To do |
All of the records should come back exactly as written.

Recorded data |
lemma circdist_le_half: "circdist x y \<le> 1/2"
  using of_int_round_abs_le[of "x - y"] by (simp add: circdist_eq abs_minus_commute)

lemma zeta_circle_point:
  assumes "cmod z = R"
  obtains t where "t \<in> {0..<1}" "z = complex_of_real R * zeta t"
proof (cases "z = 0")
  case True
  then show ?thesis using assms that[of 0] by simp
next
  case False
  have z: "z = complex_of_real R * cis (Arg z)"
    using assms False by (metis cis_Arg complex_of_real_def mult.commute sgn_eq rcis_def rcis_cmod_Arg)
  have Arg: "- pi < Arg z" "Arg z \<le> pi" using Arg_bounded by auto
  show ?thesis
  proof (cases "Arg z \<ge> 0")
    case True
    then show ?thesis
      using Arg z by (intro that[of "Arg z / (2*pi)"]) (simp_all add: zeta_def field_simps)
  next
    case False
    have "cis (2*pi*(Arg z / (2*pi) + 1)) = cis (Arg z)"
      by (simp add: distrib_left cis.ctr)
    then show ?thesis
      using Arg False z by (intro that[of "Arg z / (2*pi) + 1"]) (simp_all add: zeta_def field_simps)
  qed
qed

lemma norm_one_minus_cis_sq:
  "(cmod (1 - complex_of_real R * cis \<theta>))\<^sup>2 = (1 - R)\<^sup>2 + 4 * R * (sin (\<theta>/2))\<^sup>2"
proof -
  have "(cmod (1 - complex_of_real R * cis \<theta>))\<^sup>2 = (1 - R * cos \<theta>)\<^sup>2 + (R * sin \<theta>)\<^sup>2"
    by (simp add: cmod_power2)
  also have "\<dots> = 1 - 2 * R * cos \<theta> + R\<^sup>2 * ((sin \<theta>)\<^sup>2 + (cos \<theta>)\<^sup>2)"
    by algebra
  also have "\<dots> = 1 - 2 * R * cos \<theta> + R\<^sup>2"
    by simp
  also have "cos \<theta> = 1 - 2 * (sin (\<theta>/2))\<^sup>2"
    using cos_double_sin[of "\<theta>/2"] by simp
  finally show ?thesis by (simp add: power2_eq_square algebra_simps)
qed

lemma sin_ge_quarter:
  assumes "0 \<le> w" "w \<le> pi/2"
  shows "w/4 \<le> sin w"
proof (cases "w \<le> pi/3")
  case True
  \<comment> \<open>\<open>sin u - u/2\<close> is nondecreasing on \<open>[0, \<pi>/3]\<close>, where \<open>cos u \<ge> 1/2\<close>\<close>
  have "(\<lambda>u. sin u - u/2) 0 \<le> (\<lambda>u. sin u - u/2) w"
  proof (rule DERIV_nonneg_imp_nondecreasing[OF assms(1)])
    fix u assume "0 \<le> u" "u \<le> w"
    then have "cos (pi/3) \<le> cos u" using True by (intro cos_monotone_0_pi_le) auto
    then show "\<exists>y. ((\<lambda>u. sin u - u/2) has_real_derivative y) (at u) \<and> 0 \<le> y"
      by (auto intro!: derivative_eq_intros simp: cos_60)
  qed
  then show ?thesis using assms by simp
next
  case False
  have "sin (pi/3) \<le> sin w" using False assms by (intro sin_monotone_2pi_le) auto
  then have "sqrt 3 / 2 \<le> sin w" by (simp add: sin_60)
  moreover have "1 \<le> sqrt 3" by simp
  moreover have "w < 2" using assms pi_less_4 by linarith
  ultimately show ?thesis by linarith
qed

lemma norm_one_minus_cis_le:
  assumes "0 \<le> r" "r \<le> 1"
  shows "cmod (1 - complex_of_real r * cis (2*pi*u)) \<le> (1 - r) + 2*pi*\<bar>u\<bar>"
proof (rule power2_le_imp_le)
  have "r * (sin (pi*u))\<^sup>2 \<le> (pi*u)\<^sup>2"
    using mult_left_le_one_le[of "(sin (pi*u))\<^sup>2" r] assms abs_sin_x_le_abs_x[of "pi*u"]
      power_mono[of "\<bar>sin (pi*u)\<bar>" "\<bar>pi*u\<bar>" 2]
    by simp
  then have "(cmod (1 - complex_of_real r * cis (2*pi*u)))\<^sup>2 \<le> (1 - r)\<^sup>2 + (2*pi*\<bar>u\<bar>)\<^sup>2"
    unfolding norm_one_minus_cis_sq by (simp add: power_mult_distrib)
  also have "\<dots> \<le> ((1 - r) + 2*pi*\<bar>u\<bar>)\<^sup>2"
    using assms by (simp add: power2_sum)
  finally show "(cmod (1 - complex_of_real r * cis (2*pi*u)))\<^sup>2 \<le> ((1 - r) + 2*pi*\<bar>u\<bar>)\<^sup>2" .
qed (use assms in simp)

Reply to the exercise |
lemma circdist_le_half: "circdist x y \<le> 1/2"
  using of_int_round_abs_le[of "x - y"] by (simp add: circdist_eq abs_minus_commute)

lemma zeta_circle_point:
  assumes "cmod z = R"
  obtains t where "t \<in> {0..<1}" "z = complex_of_real R * zeta t"
proof (cases "z = 0")
  case True
  then show ?thesis using assms that[of 0] by simp
next
  case False
  have z: "z = complex_of_real R * cis (Arg z)"
    using assms False by (metis cis_Arg complex_of_real_def mult.commute sgn_eq rcis_def rcis_cmod_Arg)
  have Arg: "- pi < Arg z" "Arg z \<le> pi" using Arg_bounded by auto
  show ?thesis
  proof (cases "Arg z \<ge> 0")
    case True
    then show ?thesis
      using Arg z by (intro that[of "Arg z / (2*pi)"]) (simp_all add: zeta_def field_simps)
  next
    case False
    have "cis (2*pi*(Arg z / (2*pi) + 1)) = cis (Arg z)"
      by (simp add: distrib_left cis.ctr)
    then show ?thesis
      using Arg False z by (intro that[of "Arg z / (2*pi) + 1"]) (simp_all add: zeta_def field_simps)
  qed
qed

lemma norm_one_minus_cis_sq:
  "(cmod (1 - complex_of_real R * cis \<theta>))\<^sup>2 = (1 - R)\<^sup>2 + 4 * R * (sin (\<theta>/2))\<^sup>2"
proof -
  have "(cmod (1 - complex_of_real R * cis \<theta>))\<^sup>2 = (1 - R * cos \<theta>)\<^sup>2 + (R * sin \<theta>)\<^sup>2"
    by (simp add: cmod_power2)
  also have "\<dots> = 1 - 2 * R * cos \<theta> + R\<^sup>2 * ((sin \<theta>)\<^sup>2 + (cos \<theta>)\<^sup>2)"
    by algebra
  also have "\<dots> = 1 - 2 * R * cos \<theta> + R\<^sup>2"
    by simp
  also have "cos \<theta> = 1 - 2 * (sin (\<theta>/2))\<^sup>2"
    using cos_double_sin[of "\<theta>/2"] by simp
  finally show ?thesis by (simp add: power2_eq_square algebra_simps)
qed

lemma sin_ge_quarter:
  assumes "0 \<le> w" "w \<le> pi/2"
  shows "w/4 \<le> sin w"
proof (cases "w \<le> pi/3")
  case True
  \<comment> \<open>\<open>sin u - u/2\<close> is nondecreasing on \<open>[0, \<pi>/3]\<close>, where \<open>cos u \<ge> 1/2\<close>\<close>
  have "(\<lambda>u. sin u - u/2) 0 \<le> (\<lambda>u. sin u - u/2) w"
  proof (rule DERIV_nonneg_imp_nondecreasing[OF assms(1)])
    fix u assume "0 \<le> u" "u \<le> w"
    then have "cos (pi/3) \<le> cos u" using True by (intro cos_monotone_0_pi_le) auto
    then show "\<exists>y. ((\<lambda>u. sin u - u/2) has_real_derivative y) (at u) \<and> 0 \<le> y"
      by (auto intro!: derivative_eq_intros simp: cos_60)
  qed
  then show ?thesis using assms by simp
next
  case False
  have "sin (pi/3) \<le> sin w" using False assms by (intro sin_monotone_2pi_le) auto
  then have "sqrt 3 / 2 \<le> sin w" by (simp add: sin_60)
  moreover have "1 \<le> sqrt 3" by simp
  moreover have "w < 2" using assms pi_less_4 by linarith
  ultimately show ?thesis by linarith
qed

lemma norm_one_minus_cis_le:
  assumes "0 \<le> r" "r \<le> 1"
  shows "cmod (1 - complex_of_real r * cis (2*pi*u)) \<le> (1 - r) + 2*pi*\<bar>u\<bar>"
proof (rule power2_le_imp_le)
  have "r * (sin (pi*u))\<^sup>2 \<le> (pi*u)\<^sup>2"
    using mult_left_le_one_le[of "(sin (pi*u))\<^sup>2" r] assms abs_sin_x_le_abs_x[of "pi*u"]
      power_mono[of "\<bar>sin (pi*u)\<bar>" "\<bar>pi*u\<bar>" 2]
    by simp
  then have "(cmod (1 - complex_of_real r * cis (2*pi*u)))\<^sup>2 \<le> (1 - r)\<^sup>2 + (2*pi*\<bar>u\<bar>)\<^sup>2"
    unfolding norm_one_minus_cis_sq by (simp add: power_mult_distrib)
  also have "\<dots> \<le> ((1 - r) + 2*pi*\<bar>u\<bar>)\<^sup>2"
    using assms by (simp add: power2_sum)
  finally show "(cmod (1 - complex_of_real r * cis (2*pi*u)))\<^sup>2 \<le> ((1 - r) + 2*pi*\<bar>u\<bar>)\<^sup>2" .
qed (use assms in simp)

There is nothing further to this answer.